Records for the task START
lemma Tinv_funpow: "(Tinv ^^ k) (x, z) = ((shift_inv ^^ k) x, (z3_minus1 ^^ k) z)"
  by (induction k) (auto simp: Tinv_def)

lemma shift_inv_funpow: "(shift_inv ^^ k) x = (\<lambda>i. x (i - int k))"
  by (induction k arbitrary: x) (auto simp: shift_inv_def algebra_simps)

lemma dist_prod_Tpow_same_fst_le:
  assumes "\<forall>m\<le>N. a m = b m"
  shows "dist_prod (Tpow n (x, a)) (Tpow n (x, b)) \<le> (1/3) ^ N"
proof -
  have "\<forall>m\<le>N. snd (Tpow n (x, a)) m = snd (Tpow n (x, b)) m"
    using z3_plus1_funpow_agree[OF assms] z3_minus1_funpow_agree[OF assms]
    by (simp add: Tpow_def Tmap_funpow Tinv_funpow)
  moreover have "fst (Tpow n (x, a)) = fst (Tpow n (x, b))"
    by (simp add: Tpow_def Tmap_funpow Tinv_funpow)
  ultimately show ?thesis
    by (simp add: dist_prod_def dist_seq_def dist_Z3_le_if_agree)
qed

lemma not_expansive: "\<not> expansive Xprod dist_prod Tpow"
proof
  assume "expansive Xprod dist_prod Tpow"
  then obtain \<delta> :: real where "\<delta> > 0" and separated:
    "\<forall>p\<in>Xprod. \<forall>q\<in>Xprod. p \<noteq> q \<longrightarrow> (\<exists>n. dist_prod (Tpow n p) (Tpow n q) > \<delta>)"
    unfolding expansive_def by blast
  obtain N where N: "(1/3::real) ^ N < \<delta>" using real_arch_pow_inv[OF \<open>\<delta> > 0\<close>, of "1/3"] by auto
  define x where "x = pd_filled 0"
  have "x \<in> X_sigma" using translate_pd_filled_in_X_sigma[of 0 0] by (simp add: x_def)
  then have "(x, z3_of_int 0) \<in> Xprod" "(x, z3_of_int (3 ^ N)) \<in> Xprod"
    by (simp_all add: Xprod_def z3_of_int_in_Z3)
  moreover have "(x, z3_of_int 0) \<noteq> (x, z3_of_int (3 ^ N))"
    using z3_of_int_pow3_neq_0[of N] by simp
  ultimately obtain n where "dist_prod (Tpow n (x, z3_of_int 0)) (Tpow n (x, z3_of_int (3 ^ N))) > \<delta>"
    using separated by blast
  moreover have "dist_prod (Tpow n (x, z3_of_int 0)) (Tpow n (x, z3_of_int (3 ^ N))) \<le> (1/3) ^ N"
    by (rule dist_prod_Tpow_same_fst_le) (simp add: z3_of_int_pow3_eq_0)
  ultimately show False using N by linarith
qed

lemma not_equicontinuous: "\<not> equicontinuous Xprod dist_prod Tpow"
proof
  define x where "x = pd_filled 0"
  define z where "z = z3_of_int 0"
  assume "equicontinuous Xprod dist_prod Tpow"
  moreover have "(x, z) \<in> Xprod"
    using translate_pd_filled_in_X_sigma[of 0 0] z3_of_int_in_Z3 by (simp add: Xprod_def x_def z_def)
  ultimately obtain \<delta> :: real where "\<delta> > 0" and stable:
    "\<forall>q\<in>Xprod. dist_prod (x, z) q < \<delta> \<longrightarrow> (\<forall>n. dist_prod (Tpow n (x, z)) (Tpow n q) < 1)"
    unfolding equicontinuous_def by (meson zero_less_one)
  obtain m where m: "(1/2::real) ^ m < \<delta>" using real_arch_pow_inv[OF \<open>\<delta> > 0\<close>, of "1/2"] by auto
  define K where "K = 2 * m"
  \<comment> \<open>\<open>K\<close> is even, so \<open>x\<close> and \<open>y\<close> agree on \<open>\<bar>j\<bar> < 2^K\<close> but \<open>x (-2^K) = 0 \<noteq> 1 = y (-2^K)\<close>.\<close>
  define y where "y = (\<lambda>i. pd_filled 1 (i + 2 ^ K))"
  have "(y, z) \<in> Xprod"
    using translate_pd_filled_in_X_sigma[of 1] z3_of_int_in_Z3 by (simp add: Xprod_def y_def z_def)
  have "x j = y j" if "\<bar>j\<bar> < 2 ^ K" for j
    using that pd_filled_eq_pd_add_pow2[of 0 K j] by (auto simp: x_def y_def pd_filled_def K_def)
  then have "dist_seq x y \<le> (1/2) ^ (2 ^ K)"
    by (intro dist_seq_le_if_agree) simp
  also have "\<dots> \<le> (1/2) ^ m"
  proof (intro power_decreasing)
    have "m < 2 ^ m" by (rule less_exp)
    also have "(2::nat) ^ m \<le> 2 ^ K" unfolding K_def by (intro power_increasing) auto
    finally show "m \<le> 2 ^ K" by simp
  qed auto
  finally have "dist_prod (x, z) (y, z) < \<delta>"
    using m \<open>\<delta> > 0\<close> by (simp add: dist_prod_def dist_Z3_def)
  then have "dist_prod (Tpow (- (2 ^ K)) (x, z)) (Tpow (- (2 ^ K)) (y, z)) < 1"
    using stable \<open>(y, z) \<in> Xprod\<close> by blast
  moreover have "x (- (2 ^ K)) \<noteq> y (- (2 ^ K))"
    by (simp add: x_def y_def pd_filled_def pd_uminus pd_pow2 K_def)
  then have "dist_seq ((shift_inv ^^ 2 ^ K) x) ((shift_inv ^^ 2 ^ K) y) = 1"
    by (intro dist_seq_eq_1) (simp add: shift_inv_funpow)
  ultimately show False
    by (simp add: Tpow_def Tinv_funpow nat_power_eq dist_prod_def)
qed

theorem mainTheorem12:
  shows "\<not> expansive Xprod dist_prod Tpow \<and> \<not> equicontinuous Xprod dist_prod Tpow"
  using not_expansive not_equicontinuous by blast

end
Records for the task END
Records for the task START
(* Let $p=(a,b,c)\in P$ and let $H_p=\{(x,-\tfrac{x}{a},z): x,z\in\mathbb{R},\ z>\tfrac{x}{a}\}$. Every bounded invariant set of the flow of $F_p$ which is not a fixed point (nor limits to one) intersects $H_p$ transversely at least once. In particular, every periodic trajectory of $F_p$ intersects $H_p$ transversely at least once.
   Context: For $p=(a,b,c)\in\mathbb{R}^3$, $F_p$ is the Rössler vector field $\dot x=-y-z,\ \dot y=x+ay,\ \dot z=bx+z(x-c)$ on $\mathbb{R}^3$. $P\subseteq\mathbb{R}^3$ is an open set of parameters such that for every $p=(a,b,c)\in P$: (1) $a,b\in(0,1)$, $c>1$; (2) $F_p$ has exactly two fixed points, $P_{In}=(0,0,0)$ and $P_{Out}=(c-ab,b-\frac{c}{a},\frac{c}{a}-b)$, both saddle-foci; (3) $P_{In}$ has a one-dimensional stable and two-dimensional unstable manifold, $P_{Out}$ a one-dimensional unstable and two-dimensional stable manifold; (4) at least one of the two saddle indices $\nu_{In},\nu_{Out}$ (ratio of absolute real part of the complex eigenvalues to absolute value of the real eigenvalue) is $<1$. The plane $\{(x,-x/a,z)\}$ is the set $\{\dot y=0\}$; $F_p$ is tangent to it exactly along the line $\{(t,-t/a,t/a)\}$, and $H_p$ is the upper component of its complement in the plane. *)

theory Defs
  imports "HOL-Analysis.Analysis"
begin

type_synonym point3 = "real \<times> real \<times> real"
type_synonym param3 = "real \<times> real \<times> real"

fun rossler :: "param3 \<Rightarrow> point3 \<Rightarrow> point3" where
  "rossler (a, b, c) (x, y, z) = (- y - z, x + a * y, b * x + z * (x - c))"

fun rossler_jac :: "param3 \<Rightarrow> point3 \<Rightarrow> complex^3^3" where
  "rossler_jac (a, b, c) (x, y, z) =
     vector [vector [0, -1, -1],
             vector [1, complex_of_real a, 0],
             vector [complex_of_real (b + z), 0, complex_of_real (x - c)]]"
Records for the task END
Records for the task START
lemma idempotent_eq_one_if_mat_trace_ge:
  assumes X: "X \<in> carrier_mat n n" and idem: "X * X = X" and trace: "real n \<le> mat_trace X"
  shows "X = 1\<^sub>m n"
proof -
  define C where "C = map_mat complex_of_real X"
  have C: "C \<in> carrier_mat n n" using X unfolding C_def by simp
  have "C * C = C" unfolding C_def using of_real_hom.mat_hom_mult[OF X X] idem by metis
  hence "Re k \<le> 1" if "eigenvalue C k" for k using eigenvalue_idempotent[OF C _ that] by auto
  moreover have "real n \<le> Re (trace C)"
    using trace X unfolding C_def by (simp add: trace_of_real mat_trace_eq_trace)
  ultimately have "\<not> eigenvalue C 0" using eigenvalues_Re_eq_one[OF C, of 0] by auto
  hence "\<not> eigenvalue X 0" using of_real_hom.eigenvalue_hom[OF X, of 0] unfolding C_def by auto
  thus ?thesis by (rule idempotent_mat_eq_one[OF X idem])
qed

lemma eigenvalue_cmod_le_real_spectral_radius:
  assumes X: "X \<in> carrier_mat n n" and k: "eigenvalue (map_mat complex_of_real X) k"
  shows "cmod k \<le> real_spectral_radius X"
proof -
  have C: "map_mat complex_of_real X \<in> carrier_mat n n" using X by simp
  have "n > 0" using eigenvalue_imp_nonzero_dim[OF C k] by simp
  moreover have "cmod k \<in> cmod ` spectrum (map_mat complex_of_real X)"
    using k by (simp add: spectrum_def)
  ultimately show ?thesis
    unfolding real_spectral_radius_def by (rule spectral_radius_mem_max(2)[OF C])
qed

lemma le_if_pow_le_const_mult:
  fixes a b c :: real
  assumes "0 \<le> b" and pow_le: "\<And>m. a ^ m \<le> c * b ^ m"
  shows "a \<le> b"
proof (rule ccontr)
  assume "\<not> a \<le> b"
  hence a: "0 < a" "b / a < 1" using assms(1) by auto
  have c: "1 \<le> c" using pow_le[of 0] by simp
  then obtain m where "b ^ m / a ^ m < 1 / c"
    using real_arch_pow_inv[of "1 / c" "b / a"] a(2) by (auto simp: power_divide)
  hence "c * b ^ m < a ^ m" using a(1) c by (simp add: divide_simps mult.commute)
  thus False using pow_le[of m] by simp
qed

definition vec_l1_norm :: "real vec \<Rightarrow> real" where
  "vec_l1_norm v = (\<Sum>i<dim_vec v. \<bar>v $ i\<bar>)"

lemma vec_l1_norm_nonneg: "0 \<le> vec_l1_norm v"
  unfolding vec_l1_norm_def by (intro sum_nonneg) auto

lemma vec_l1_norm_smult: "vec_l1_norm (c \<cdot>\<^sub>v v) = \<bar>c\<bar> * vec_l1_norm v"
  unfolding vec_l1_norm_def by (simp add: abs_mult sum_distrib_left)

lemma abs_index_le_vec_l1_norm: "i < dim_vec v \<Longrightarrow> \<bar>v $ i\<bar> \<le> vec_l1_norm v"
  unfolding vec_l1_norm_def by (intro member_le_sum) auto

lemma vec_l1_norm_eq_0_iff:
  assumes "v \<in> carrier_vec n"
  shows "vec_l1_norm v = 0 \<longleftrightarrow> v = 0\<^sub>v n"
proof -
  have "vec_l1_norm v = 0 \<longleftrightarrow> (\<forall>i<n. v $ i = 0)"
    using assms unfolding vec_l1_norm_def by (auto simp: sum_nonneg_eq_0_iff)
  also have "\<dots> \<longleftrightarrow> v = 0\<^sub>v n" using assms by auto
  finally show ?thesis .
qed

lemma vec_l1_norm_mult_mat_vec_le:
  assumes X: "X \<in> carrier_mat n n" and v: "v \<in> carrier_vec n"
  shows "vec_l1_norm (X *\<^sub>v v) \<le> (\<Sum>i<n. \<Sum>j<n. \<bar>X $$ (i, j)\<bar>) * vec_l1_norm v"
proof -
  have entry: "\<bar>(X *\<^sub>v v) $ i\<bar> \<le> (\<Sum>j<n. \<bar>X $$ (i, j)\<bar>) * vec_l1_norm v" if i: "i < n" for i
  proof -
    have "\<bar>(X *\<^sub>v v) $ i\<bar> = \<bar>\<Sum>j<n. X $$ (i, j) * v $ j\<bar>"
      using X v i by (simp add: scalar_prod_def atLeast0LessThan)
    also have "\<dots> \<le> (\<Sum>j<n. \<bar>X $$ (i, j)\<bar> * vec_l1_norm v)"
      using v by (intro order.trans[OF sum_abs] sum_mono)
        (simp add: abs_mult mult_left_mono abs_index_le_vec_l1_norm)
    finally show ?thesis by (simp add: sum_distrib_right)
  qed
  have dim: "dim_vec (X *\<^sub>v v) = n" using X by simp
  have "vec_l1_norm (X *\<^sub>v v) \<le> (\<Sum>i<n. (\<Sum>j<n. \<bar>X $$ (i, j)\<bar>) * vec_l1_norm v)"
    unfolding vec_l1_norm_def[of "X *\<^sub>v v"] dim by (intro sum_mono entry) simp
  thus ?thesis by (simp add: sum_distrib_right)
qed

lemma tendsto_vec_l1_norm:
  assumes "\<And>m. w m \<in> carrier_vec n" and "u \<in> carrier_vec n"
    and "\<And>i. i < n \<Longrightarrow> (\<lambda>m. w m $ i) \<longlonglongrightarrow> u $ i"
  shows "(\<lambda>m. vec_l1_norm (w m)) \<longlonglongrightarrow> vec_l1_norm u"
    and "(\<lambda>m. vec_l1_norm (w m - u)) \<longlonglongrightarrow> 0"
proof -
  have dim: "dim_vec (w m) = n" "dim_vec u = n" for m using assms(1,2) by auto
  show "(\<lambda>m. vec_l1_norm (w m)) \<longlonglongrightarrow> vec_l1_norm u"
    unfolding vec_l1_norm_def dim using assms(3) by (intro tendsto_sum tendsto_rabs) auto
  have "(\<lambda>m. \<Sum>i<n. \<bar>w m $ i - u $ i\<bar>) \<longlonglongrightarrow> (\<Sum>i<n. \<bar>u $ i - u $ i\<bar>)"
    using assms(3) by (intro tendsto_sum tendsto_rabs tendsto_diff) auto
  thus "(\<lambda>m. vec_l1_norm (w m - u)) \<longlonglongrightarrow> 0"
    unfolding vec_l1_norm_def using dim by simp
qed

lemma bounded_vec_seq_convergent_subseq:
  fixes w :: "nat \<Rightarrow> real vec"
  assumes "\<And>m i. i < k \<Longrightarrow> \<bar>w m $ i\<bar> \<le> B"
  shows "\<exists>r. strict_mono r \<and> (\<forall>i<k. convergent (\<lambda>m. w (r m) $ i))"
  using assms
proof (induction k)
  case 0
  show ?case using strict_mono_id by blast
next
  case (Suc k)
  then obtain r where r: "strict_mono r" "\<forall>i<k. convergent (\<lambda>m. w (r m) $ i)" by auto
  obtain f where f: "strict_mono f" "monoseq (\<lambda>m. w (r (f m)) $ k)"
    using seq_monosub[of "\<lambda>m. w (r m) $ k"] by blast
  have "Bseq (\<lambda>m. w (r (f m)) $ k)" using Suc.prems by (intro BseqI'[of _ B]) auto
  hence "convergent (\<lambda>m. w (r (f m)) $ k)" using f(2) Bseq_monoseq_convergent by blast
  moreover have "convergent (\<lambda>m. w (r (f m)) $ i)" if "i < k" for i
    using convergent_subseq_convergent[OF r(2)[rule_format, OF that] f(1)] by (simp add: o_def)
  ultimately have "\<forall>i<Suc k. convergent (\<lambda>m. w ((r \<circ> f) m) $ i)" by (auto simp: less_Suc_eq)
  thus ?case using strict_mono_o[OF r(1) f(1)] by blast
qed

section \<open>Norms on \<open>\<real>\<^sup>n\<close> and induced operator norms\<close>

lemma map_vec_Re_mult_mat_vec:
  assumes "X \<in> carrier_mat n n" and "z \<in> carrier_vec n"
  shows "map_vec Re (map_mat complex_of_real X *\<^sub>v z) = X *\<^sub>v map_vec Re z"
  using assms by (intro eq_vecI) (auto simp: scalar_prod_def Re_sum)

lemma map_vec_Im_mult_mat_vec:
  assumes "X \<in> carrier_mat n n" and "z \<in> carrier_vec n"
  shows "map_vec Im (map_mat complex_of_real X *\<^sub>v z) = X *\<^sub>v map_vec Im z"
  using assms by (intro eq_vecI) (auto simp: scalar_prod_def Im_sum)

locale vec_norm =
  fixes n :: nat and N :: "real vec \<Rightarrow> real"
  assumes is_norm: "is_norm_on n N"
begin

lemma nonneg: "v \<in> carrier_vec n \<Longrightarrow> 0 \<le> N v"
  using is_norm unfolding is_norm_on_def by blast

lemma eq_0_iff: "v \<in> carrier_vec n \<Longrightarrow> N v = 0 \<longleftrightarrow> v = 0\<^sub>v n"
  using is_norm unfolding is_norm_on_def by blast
Records for the task END
→ **What needs to be done**:
Keep both end lines and retype everything in the records above from the line containing "unfolding expansive_def by blast" through the line containing "using z3_of_int_pow3_neq_0[of N] by simp", exactly, with nothing else.

→ **Written reply**:
    unfolding expansive_def by blast
  obtain N where N: "(1/3::real) ^ N < \<delta>" using real_arch_pow_inv[OF \<open>\<delta> > 0\<close>, of "1/3"] by auto
  define x where "x = pd_filled 0"
  have "x \<in> X_sigma" using translate_pd_filled_in_X_sigma[of 0 0] by (simp add: x_def)
  then have "(x, z3_of_int 0) \<in> Xprod" "(x, z3_of_int (3 ^ N)) \<in> Xprod"
    by (simp_all add: Xprod_def z3_of_int_in_Z3)
  moreover have "(x, z3_of_int 0) \<noteq> (x, z3_of_int (3 ^ N))"
    using z3_of_int_pow3_neq_0[of N] by simp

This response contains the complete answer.